lemma ball_in_shortest_region:
  assumes q: "q \<in> P" and \<theta>n: "nonneg \<theta>"
    and cheapest: "\<And>p. p \<in> P \<Longrightarrow> W p = W q \<Longrightarrow> C q \<le> C p"
    and strict: "\<And>p. p \<in> P \<Longrightarrow> W p \<noteq> W q \<Longrightarrow> cost \<theta> q < cost \<theta> p"
  obtains \<theta>' e where "0 < e" "ball \<theta>' e \<subseteq> shortest_region q"
proof -
  define Strict where "Strict = (\<Inter>p\<in>{p\<in>P. W p \<noteq> W q}. {t. cost t q < cost t p})"
  have "open Strict"
    unfolding Strict_def cost_def using finite_paths
    by (intro open_INT ballI open_Collect_less continuous_intros) auto
  moreover have "\<theta> \<in> Strict" using strict by (auto simp: Strict_def)
  ultimately obtain e where e: "0 < e" "ball \<theta> e \<subseteq> Strict" by (rule openE)
  define \<delta> where "\<delta> = e / (2 * (CARD('k) + 1))"
  have "0 < \<delta>" using e(1) by (simp add: \<delta>_def)
  have "(CARD('k) + 1) * \<delta> = e / 2" by (simp add: \<delta>_def field_simps)
  then have "(CARD('k) + 1) * \<delta> < e" using e(1) by simp
  \<comment> \<open>shifting \<open>\<theta>\<close> into the open orthant leaves a whole ball of nonnegative tolls inside \<open>Strict\<close>\<close>
  define \<theta>' where "\<theta>' = \<theta> + (\<chi> k. \<delta>)"
  have "dist \<theta> \<theta>' \<le> CARD('k) * \<delta>"
    using norm_le_l1_cart[of "\<chi> k. \<delta>"] \<open>0 < \<delta>\<close> by (simp add: \<theta>'_def dist_norm)
  have "t \<in> shortest_region q" if t: "t \<in> ball \<theta>' \<delta>" for t
  proof -
    have "dist \<theta> t < e"
      using dist_triangle[of \<theta> t \<theta>'] t \<open>dist \<theta> \<theta>' \<le> CARD('k) * \<delta>\<close> \<open>(CARD('k) + 1) * \<delta> < e\<close>
      by (simp add: algebra_simps)
    then have "t \<in> Strict" using e(2) by auto
    have "0 \<le> t $ k" for k
    proof -
      have "\<theta>' $ k - t $ k < \<delta>"
        using component_le_norm_cart[of "\<theta>' - t" k] t by (simp add: dist_norm)
      then have "\<theta> $ k < t $ k" by (simp add: \<theta>'_def)
      moreover have "0 \<le> \<theta> $ k" using \<theta>n by (simp add: nonneg_def)
      ultimately show ?thesis by simp
    qed
    moreover have "cost t q \<le> cost t p" if "p \<in> P" for p
      using cheapest[OF that] \<open>t \<in> Strict\<close> that by (cases "W p = W q") (auto simp: Strict_def cost_def)
    ultimately show ?thesis by (simp add: shortest_region_def nonneg_def)
  qed
  then show thesis using that[OF \<open>0 < \<delta>\<close>] by blast
qed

..............................

[Exercise] Exact copies of the line containing "using dist_triangle[of \<theta>" and of every line after it through the end of the entries are all that should be output.

[Answer space]
      using dist_triangle[of \<theta> t \<theta>'] t \<open>dist \<theta> \<theta>' \<le> CARD('k) * \<delta>\<close> \<open>(CARD('k) + 1) * \<delta> < e\<close>
      by (simp add: algebra_simps)
    then have "t \<in> Strict" using e(2) by auto
    have "0 \<le> t $ k" for k
    proof -
      have "\<theta>' $ k - t $ k < \<delta>"
        using component_le_norm_cart[of "\<theta>' - t" k] t by (simp add: dist_norm)
      then have "\<theta> $ k < t $ k" by (simp add: \<theta>'_def)
      moreover have "0 \<le> \<theta> $ k" using \<theta>n by (simp add: nonneg_def)
      ultimately show ?thesis by simp
    qed
    moreover have "cost t q \<le> cost t p" if "p \<in> P" for p
      using cheapest[OF that] \<open>t \<in> Strict\<close> that by (cases "W p = W q") (auto simp: Strict_def cost_def)
    ultimately show ?thesis by (simp add: shortest_region_def nonneg_def)
  qed
  then show thesis using that[OF \<open>0 < \<delta>\<close>] by blast
qed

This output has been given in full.